ŞEHİR HASTANESİNDE OBEZİTE MERKEZİ

Sağlık Bakanlığı’nın ekonomiye maliyeti 20 milyar TL’yi bulan obeziteye karşı başlattığı mücadele kapsamında Türkiye genelinde açılan 5 pilot merkezden birisinin yer aldığı Adana Şehir Eğitim ve Araştırma Hastanesi’nde yüzde 100 başarı hedefiyle tedavi gerçekleştiriliyor.
Tüm dünyada önemli bir halk sağlığı sorunu olan obezite ile savaş için Türkiye Cumhuriyeti Sağlık Bakanlığı’nın İstanbul’da Samatya ve Bağcılar, Kahramanmaraş ve Gaziantep ile birlikte Adana’da Şehir Hastanesi bünyesinde pilot uygulama olarak açtığı Obezite Merkezi, hastaların hayatlarına dokunuyor.

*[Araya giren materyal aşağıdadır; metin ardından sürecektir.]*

(* As $n\to\infty$, $$E_Y(\Phi_n)=n^2+(1-2\gamma)n-2n\ln n+o(n),$$ where $\gamma$ is the Euler–Mascheroni constant.
   Context: $\mathcal{BT}_n$ is the set of binary phylogenetic trees with leaves bijectively labeled by $\{1,\dots,n\}$ (rooted, every internal node with exactly two children). For $T\in\mathcal{BT}_n$, $\Phi(T)=\sum_{1\le i<j\le n}\delta_T(LCA_T(i,j))$, where $\delta_T$ is depth (arcs from the root) and $LCA$ is lowest common ancestor; $\Phi_n$ is $\Phi(T)$ for random $T\in\mathcal{BT}_n$. Under the Yule model $T$ has probability $P_Y(T)=\frac{2^{n-1}}{n!}\prod_{v\in V_{int}(T)}\frac{1}{\kappa_T(v)-1}$, with $V_{int}(T)$ the internal nodes and $\kappa_T(v)$ the number of leaves below $v$; $E_Y$ is expectation under it. *)

theory Defs
  imports "HOL-Analysis.Analysis" "HOL-Library.Landau_Symbols"
begin

text \<open>Children are ordered in the datatype; unordered (phylogenetic) trees are
  represented canonically by requiring that the smallest leaf label of the
  left subtree is smaller than that of the right subtree.\<close>

datatype phylo = Leaf nat | Node phylo phylo

fun leaves :: "phylo \<Rightarrow> nat set" where
  "leaves (Leaf a) = {a}"
| "leaves (Node l r) = leaves l \<union> leaves r"

fun nleaves :: "phylo \<Rightarrow> nat" where
  "nleaves (Leaf a) = 1"
| "nleaves (Node l r) = nleaves l + nleaves r"

fun canonical :: "phylo \<Rightarrow> bool" where
  "canonical (Leaf a) = True"
| "canonical (Node l r) = (canonical l \<and> canonical r \<and> Min (leaves l) < Min (leaves r))"

definition BT :: "nat \<Rightarrow> phylo set" where
  "BT n = {t. leaves t = {1..n} \<and> nleaves t = n \<and> canonical t}"

fun lca_depth :: "phylo \<Rightarrow> nat \<Rightarrow> nat \<Rightarrow> nat" where
  "lca_depth (Leaf a) i j = 0"
| "lca_depth (Node l r) i j =
     (if i \<in> leaves l \<and> j \<in> leaves l then Suc (lca_depth l i j)
      else if i \<in> leaves r \<and> j \<in> leaves r then Suc (lca_depth r i j)
      else 0)"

Bakanlık tarafından yapılan araştırmada, ekonomiye maliyeti yıllık 20 milyar lira olan, obezite ameliyatlarında patlama yaşanmasına rağmen yüzde 80’inin yeniden kilo aldığı günümüzde, bu hastalığa karşı etkin tedavi dahiliye uzmanı, diyetisyen, psikolog, fizyoterapist ve yaşam koçundan oluşan ekip tarafından ortak çalışma ile gerçekleştiriliyor.
6 MODÜLLÜK TEDAVİ SÜRECİ
Adana Şehir Hastanesi Obezite Merkezi Dahiliye Uzmanı Dr. Zeynep Tüzün, merkezde hastaları bütün olarak ele aldıklarını, vücut kitle endeksi 30 ve üzeri olan hastaların kabul edildiği programda diyetisyen, dahiliye uzmanı, psikolog, fizyoterapist ve yaşam koçundan oluşan ekiple çalıştıklarını ifade etti.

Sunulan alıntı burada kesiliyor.